EXTRACTED DATA:
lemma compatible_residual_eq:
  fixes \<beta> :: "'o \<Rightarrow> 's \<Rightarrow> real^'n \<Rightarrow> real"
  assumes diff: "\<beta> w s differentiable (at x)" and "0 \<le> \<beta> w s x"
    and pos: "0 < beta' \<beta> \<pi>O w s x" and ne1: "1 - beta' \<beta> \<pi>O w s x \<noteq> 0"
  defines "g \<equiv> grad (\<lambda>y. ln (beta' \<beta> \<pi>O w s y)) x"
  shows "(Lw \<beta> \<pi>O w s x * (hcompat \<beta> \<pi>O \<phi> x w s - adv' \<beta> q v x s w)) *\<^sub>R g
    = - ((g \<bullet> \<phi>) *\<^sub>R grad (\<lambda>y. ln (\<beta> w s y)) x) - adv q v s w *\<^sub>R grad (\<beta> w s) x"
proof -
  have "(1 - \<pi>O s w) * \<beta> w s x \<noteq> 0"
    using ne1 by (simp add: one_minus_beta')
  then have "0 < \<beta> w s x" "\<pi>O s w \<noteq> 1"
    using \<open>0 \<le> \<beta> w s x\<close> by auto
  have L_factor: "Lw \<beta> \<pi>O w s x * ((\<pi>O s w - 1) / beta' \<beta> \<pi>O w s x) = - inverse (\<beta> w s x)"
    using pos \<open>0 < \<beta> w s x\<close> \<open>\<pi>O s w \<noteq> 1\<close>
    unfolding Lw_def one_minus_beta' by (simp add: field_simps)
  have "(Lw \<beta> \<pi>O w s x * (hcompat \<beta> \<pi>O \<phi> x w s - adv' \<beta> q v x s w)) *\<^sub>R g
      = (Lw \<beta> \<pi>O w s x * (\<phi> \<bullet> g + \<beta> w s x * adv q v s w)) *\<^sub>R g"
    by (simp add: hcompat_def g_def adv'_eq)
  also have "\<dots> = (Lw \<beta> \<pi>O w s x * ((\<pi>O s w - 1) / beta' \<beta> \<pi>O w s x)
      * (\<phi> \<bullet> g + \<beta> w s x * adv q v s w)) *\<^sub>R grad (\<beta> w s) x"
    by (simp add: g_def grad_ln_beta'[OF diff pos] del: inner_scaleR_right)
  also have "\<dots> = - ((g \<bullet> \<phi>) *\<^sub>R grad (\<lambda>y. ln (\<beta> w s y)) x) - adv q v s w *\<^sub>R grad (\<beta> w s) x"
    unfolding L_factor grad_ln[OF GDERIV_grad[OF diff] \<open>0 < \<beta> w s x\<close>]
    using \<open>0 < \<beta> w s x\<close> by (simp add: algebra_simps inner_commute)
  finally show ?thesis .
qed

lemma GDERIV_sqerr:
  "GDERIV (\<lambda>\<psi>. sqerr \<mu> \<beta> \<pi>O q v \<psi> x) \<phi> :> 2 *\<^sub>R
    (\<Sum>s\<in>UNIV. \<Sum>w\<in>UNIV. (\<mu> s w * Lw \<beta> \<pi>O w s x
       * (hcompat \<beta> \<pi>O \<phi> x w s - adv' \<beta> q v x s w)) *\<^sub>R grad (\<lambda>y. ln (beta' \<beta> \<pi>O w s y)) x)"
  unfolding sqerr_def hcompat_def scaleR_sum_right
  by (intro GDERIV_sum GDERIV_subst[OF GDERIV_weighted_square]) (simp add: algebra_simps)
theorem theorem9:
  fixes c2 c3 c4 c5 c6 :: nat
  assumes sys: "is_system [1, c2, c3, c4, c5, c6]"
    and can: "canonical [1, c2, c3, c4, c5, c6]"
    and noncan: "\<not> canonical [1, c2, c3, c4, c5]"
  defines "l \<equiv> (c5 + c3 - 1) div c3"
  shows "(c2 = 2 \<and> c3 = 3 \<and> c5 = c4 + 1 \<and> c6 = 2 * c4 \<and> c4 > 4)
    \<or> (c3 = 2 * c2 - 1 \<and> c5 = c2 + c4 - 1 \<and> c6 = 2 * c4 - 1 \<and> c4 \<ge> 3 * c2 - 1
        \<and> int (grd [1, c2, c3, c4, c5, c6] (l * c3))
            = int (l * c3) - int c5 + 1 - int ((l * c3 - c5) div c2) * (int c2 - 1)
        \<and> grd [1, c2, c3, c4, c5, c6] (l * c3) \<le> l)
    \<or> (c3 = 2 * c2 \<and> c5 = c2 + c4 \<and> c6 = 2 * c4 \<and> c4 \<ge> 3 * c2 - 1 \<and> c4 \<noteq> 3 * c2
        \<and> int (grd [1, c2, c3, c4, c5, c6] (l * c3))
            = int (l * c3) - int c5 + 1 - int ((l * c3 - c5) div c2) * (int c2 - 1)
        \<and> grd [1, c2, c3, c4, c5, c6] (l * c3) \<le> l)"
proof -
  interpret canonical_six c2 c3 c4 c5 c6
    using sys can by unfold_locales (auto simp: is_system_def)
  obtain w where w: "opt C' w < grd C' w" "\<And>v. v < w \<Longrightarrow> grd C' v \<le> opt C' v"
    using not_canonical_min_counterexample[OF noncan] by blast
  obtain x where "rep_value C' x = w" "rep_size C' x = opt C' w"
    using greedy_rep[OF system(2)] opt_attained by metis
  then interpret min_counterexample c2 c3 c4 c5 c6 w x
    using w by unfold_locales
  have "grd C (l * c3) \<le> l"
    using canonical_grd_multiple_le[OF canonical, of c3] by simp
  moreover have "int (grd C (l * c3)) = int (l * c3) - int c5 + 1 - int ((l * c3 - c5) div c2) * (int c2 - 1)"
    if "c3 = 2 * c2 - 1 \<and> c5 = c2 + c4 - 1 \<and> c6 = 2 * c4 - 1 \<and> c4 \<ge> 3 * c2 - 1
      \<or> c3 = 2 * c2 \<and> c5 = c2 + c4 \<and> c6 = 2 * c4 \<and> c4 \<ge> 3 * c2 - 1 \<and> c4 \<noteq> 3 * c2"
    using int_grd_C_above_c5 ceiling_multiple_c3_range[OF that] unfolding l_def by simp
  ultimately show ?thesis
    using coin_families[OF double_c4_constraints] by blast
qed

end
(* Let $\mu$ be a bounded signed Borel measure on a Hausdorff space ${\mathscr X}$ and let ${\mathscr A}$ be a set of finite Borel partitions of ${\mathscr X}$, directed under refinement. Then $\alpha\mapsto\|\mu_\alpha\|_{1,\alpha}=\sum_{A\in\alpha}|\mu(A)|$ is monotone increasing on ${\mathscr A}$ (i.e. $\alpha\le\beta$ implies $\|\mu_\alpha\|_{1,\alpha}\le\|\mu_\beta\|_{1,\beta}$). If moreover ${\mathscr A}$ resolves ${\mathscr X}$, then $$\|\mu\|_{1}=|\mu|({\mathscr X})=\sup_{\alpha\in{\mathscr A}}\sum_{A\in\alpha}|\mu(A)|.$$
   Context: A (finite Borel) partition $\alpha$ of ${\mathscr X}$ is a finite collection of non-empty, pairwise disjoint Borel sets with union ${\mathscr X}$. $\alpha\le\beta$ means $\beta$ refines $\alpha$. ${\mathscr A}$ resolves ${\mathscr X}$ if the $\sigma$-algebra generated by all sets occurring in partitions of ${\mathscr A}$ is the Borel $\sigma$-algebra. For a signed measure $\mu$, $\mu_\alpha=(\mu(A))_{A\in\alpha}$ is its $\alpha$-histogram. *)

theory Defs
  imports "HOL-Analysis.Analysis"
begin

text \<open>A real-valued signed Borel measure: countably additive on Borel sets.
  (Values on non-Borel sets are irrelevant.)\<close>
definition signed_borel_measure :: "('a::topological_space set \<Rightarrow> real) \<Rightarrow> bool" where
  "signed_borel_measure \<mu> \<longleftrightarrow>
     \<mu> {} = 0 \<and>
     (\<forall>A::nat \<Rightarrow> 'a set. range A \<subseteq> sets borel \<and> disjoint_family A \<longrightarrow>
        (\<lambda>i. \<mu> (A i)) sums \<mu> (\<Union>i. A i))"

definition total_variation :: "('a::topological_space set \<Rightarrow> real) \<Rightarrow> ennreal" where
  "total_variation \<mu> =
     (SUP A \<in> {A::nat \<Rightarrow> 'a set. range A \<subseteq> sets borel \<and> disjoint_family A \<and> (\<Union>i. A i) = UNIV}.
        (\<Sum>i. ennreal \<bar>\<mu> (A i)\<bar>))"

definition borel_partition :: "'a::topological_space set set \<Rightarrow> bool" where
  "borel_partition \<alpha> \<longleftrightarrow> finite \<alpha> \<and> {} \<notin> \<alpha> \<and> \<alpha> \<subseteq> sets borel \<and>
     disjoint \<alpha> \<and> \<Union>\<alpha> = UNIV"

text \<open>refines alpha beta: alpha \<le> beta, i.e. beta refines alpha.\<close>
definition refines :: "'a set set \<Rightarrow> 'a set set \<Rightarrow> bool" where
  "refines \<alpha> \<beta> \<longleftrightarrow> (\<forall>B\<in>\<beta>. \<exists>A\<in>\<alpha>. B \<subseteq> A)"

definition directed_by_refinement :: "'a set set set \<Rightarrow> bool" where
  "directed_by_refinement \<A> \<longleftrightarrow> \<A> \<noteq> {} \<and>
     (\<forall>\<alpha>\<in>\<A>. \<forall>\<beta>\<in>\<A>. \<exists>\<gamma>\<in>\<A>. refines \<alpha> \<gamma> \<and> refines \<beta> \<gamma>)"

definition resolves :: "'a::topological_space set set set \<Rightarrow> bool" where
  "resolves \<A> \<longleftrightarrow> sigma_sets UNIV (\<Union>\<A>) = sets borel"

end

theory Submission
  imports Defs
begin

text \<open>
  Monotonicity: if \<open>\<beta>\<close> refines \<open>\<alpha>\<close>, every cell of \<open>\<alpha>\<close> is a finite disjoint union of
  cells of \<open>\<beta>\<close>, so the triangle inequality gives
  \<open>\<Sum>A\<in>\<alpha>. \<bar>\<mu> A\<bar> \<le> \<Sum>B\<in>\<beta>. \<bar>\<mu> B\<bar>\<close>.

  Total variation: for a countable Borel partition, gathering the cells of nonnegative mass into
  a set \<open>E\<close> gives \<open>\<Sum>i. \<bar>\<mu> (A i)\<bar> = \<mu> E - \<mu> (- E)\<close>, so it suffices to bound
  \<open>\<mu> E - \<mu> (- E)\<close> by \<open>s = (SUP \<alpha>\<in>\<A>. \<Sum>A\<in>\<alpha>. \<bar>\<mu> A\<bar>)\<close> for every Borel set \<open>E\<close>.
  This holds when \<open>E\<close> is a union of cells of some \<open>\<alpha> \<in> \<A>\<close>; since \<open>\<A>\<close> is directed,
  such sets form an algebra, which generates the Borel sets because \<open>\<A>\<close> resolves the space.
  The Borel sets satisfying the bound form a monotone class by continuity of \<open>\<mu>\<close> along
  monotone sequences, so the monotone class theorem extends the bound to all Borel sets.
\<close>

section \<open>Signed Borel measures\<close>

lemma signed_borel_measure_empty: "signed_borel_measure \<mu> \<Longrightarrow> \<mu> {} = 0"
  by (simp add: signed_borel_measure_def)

EXERCISE DESCRIPTION: In the data above, which lines lie between the line with "(SUP A \<in>" and the line with "(\<forall>B\<in>\<beta>. \<exists>A\<in>\<alpha>. B", inclusive? Print those lines exactly and nothing else.

SOLUTION FOR THIS EXERCISE:
     (SUP A \<in> {A::nat \<Rightarrow> 'a set. range A \<subseteq> sets borel \<and> disjoint_family A \<and> (\<Union>i. A i) = UNIV}.
        (\<Sum>i. ennreal \<bar>\<mu> (A i)\<bar>))"

definition borel_partition :: "'a::topological_space set set \<Rightarrow> bool" where
  "borel_partition \<alpha> \<longleftrightarrow> finite \<alpha> \<and> {} \<notin> \<alpha> \<and> \<alpha> \<subseteq> sets borel \<and>
     disjoint \<alpha> \<and> \<Union>\<alpha> = UNIV"

text \<open>refines alpha beta: alpha \<le> beta, i.e. beta refines alpha.\<close>
definition refines :: "'a set set \<Rightarrow> 'a set set \<Rightarrow> bool" where
  "refines \<alpha> \<beta> \<longleftrightarrow> (\<forall>B\<in>\<beta>. \<exists>A\<in>\<alpha>. B \<subseteq> A)"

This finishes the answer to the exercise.